After treatment with LPS for 24 h, the medium was replaced and 10 µL CCK-8 solution were added and cultured for 1 h. The absorbance was measured at 450 nm by microplate reader.

Cell apoptosis

For cell apoptosis assay, HK-2 cells were seeded in a 6-well plate at a density of 105/well and cultured for 24 h. The cells were pre-treated with UDCA (40 µM) or ML385 (10 µM) for 1 h, followed by treatment with LPS (5 µg/mL) for an additional 24 h. After collecting the cells by centrifugation at 1000 rpm for 10 min, cells were resuspended in PBS, and 5 µL Annexin V/FITC dye was added. After incubating at room temperature for 5 min in the dark, followed by the addition of 5 µL of PI dye, the apoptosis rate was detected using a flow cytometer (CytoFLEX, Beckman, Brea, CA, USA).
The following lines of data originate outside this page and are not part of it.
(* Let $(S^\Omega,\mathcal T)$ be a resource theory with a currency $\mathcal C$ (value function $\mathrm{Val}$) independent of its target $\mathcal S$, and assume $\mathcal C$ is good for the poor. If $V\in\mathcal S$ satisfies $\mathrm{Balance}(V\to V\mid C)>0$ for some $C\in\mathcal C$, then $$\mathrm{Yield}(V)\ge\mathrm{Balance}(V\to V\mid C)>0=\mathrm{Cost}(V).$$
   Context: A resource theory $(S^\Omega,\mathcal T)$ consists of a set $\Omega$, the specification space $S^\Omega$ of all non-empty subsets of $\Omega$ (resources), and a set $\mathcal T$ of maps $f:S^\Omega\to S^\Omega$ acting element-wise, $f(V)=\bigcup_{\nu\in V} f(\{\nu\})$. $V\to W$ iff some $f\in\mathcal T$ has $f(V)\subseteq W$; $\to$ is assumed to be a pre-order. $\mathcal C\subseteq S^\Omega$ is a currency for target $\mathcal S\subseteq S^\Omega$ if (Order) any two elements of $\mathcal C$ are comparable under $\to$ and $\Omega\in\mathcal C$; (Universality) $\Omega\in\mathcal S$ and every $V\in\mathcal S$ has $C,C'\in\mathcal C$ with $C\to V$, $V\to C'$. A value function $\mathrm{Val}:\mathcal C\to\mathbb R_{\ge0}$ satisfies $\mathrm{Val}(C')\ge\mathrm{Val}(C)\iff C'\to C$ and $\mathrm{Val}(\Omega)=0$; $c_{\sup}=\sup_{C\in\mathcal C}\mathrm{Val}(C)$ (possibly $\infty$). $\mathrm{Cost}(V)=\inf\{\mathrm{Val}(C): C\in\mathcal C,\ C\to V\}$, $\mathrm{Yield}(V)=\sup\{\mathrm{Val}(C): C\in\mathcal C,\ V\to C\}$. Independence: $C\cap V\ne\emptyset$ for all $C\in\mathcal C,V\in\mathcal S$, and $C\to C'$ implies $C\cap V\to C'\cap V$ for all $V\in\mathcal S$. Balance: $\mathrm{Balance}(V\to W\mid C)=\sup\{\mathrm{Val}(C')-\mathrm{Val}(C): C'\in\mathcal C,\ V\cap C\to W\cap C'\}$ (with $\sup\emptyset=-\infty$). Fairness conditions: for $V,W\in\mathcal S$ and $C_1,C_2\in\mathcal C$ with $V\cap C_1\to W\cap C_2$, let $\Delta=\mathrm{Val}(C_2)-\mathrm{Val}(C_1)$. (F1): for a given $C_1'\in\mathcal C$ with $-\Delta\le\mathrm{Val}(C_1')<c_{\sup}-\Delta$ there is $C_2'\in\mathcal C$ with $V\cap C_1'\to W\cap C_2'$ and $\mathrm{Val}(C_2')-\mathrm{Val}(C_1')=\Delta$. (F2): for a given $C_2'\in\mathcal C$ with $\Delta\le\mathrm{Val}(C_2')$ there is $C_1'\in\mathcal C$ with $V\cap C_1'\to W\cap C_2'$ and $\mathrm{Val}(C_2')-\mathrm{Val}(C_1')=\Delta$. The currency is good for the poor if, for all such data, (F1) holds for every admissible $C_1'$ with $\mathrm{Val}(C_1')\le\mathrm{Val}(C_1)$ and (F2) holds for every admissible $C_2'$ with $\mathrm{Val}(C_2')\le\mathrm{Val}(C_2)$. *)

theory Defs
  imports "HOL-Analysis.Analysis"
begin
theorem theorem4p5:
  fixes Nb N :: nat and E :: "(nat \<times> nat) set" and zbar :: "nat \<times> nat \<Rightarrow> real"
    and G :: "nat \<Rightarrow> nat set" and y a c xs bs beta :: "nat \<Rightarrow> real"
    and zs :: "nat \<times> nat \<Rightarrow> real"
    and b xo :: "nat \<Rightarrow> nat \<Rightarrow> real" and zo :: "nat \<Rightarrow> nat \<times> nat \<Rightarrow> real"
    and r alpha :: real
  assumes net: "network_ok Nb E zbar G y N a c"
    and opt: "dcopf_opt Nb E zbar G y N a c xs zs"
    and uniq: "\<And>x z. dcopf_opt Nb E zbar G y N a c x z \<Longrightarrow> \<forall>n\<in>{1..N}. x n = xs n"
    and buses: "\<forall>i\<in>{1..Nb}. G i = {} \<or> card (G i) \<ge> 2"
    and xpos: "\<forall>n\<in>{1..N}. xs n > 0"
    and bs_def: "\<forall>n\<in>{1..N}. bs n = 2 * a n * xs n + c n"
    and exec: "bid_adjust_exec Nb E zbar G y N a c beta b xo zo"
    and beta_lt: "\<forall>k\<ge>1. \<forall>n\<in>{1..N}. 0 < beta k \<and> beta k < 2 * a n"
    and r_pos: "0 < r" and r_lt: "r < bid_dist N (b 1) bs"
    and alpha_pos: "alpha > 0"
    and beta_bounds: "\<forall>k\<ge>1. alpha \<le> beta k \<and>
        beta k \<le> step_bound (Max (a ` {1..N})) (Min (a ` {1..N})) (\<Sum>i\<in>{1..Nb}. y i) r"
  shows "\<exists>l\<ge>1. bid_dist N (b l) bs < r \<and>
           (\<forall>k\<in>{1..l-1}. bid_dist N (b k) bs \<ge> r \<and>
              bid_dist N (b (Suc k)) bs
                \<le> (1 - alpha / (2 * Max (a ` {1..N}))) powr (real k / 2) * bid_dist N (b 1) bs) \<and>
           (\<forall>k\<ge>l. bid_dist N (b k) bs
              \<le> sqrt (1 + step_bound (Max (a ` {1..N})) (Min (a ` {1..N})) (\<Sum>i\<in>{1..Nb}. y i) r
                         / (2 * Max (a ` {1..N}))) * r)"
proof -
  define amax where "amax = Max (a ` {1..N})"
  define amin where "amin = Min (a ` {1..N})"
  define Y where "Y = (\<Sum>i\<in>{1..Nb}. y i)"
  define B where "B = step_bound amax amin Y r"
  define D where "D k = bid_dist N (b k) bs" for k
  have D_nonneg: "0 \<le> D k" for k by (simp add: D_def bid_dist_def sum_nonneg)
  have "1 \<le> N"
    using r_pos r_lt by (cases N) (simp_all add: bid_dist_def)
  have ab: "\<forall>n\<in>{1..N}. 0 < amin \<and> amin \<le> a n \<and> a n \<le> amax"
    unfolding amin_def amax_def by (rule network_ok_Min_Max_bounds[OF net \<open>1 \<le> N\<close>])
  have beta: "0 < beta k" "alpha \<le> beta k" "beta k \<le> B" if "1 \<le> k" for k
    using beta_bounds alpha_pos that unfolding B_def amax_def amin_def Y_def by auto
  have "0 < amin" "0 < amax" using ab \<open>1 \<le> N\<close> by fastforce+
  have "alpha \<le> beta 1" "beta 1 < 2 * a 1" "a 1 \<le> amax" using beta[of 1] beta_lt ab \<open>1 \<le> N\<close> by auto
  then have "alpha < 2 * amax" by linarith
  have step: "(D (Suc k))\<^sup>2 \<le> (D k)\<^sup>2 - beta k * (D k)\<^sup>2 / amax
      + (beta k)\<^sup>2 * (4 * Y\<^sup>2 + (D k)\<^sup>2 / (2 * amin\<^sup>2))" if "1 \<le> k" for k
    unfolding D_def Y_def by (rule bid_adjust_exec_sq_dist_step[OF net opt bs_def exec beta_lt ab that])
  have "\<exists>l\<ge>1. D l < r \<and>
      (\<forall>k\<in>{1..l-1}. r \<le> D k \<and> D (Suc k) \<le> (1 - alpha / (2 * amax)) powr (real k / 2) * D 1) \<and>
      (\<forall>k\<ge>l. D k \<le> sqrt (1 + B / (2 * amax)) * r)"
  proof (rule threshold_descent)
    fix k assume "1 \<le> k" "r \<le> D k"
    then have "r\<^sup>2 \<le> (D k)\<^sup>2" using r_pos by (simp add: power_mono)
    with beta[OF \<open>1 \<le> k\<close>] show "(D (Suc k))\<^sup>2 \<le> (1 - alpha / (2 * amax)) * (D k)\<^sup>2"
      unfolding B_def
      by (rule step_bound_contraction[OF _ _ _ \<open>0 < amin\<close> \<open>0 < amax\<close> r_pos _ step[OF \<open>1 \<le> k\<close>]])
  next
    fix k assume "1 \<le> k" "D k < r"
    with D_nonneg[of k] have "(D k)\<^sup>2 < r\<^sup>2" "0 \<le> (D k)\<^sup>2" by (simp_all add: power_strict_mono)
    with beta[OF \<open>1 \<le> k\<close>] show "(D (Suc k))\<^sup>2 \<le> (1 + B / (2 * amax)) * r\<^sup>2"
      unfolding B_def
      by (intro step_bound_capped[OF _ _ \<open>0 < amin\<close> \<open>0 < amax\<close> r_pos _ _ step[OF \<open>1 \<le> k\<close>]])
  qed (use D_nonneg \<open>0 < amax\<close> \<open>alpha < 2 * amax\<close> alpha_pos beta[of 1] r_pos r_lt in \<open>auto simp: D_def\<close>)
  then show ?thesis unfolding D_def B_def amax_def amin_def Y_def .
qed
The parameters were set as FITC (488 nm excitation, 525 nm emission) for Annexin V and PI (488 nm excitation, 610 nm emission). Gating was performed using forward and side scatter to identify viable, early apoptotic (Annexin V+/PI−), and late apoptotic (Annexin V+/PI+) cells. Analysis was conducted with FlowJo software (v10.8, FlowJo LLC, Ashland, OR, USA).

Statistical analyses

All data are represented as mean ± S.E.M. Prior to analysis of variance, the normality and homogeneity of variances were checked using Shapiro-Wilk test. If the assumptions of ANOVA were not met, appropriate data transformations were performed using the log transformation method. One-way ANOVA followed by Turkey’s HSD post hoc test using SPSS 18.0 (IBM, Chicago, IL, USA) was conducted to analyze the statistic differences. A value of P < 0.05 was considered statistically significant.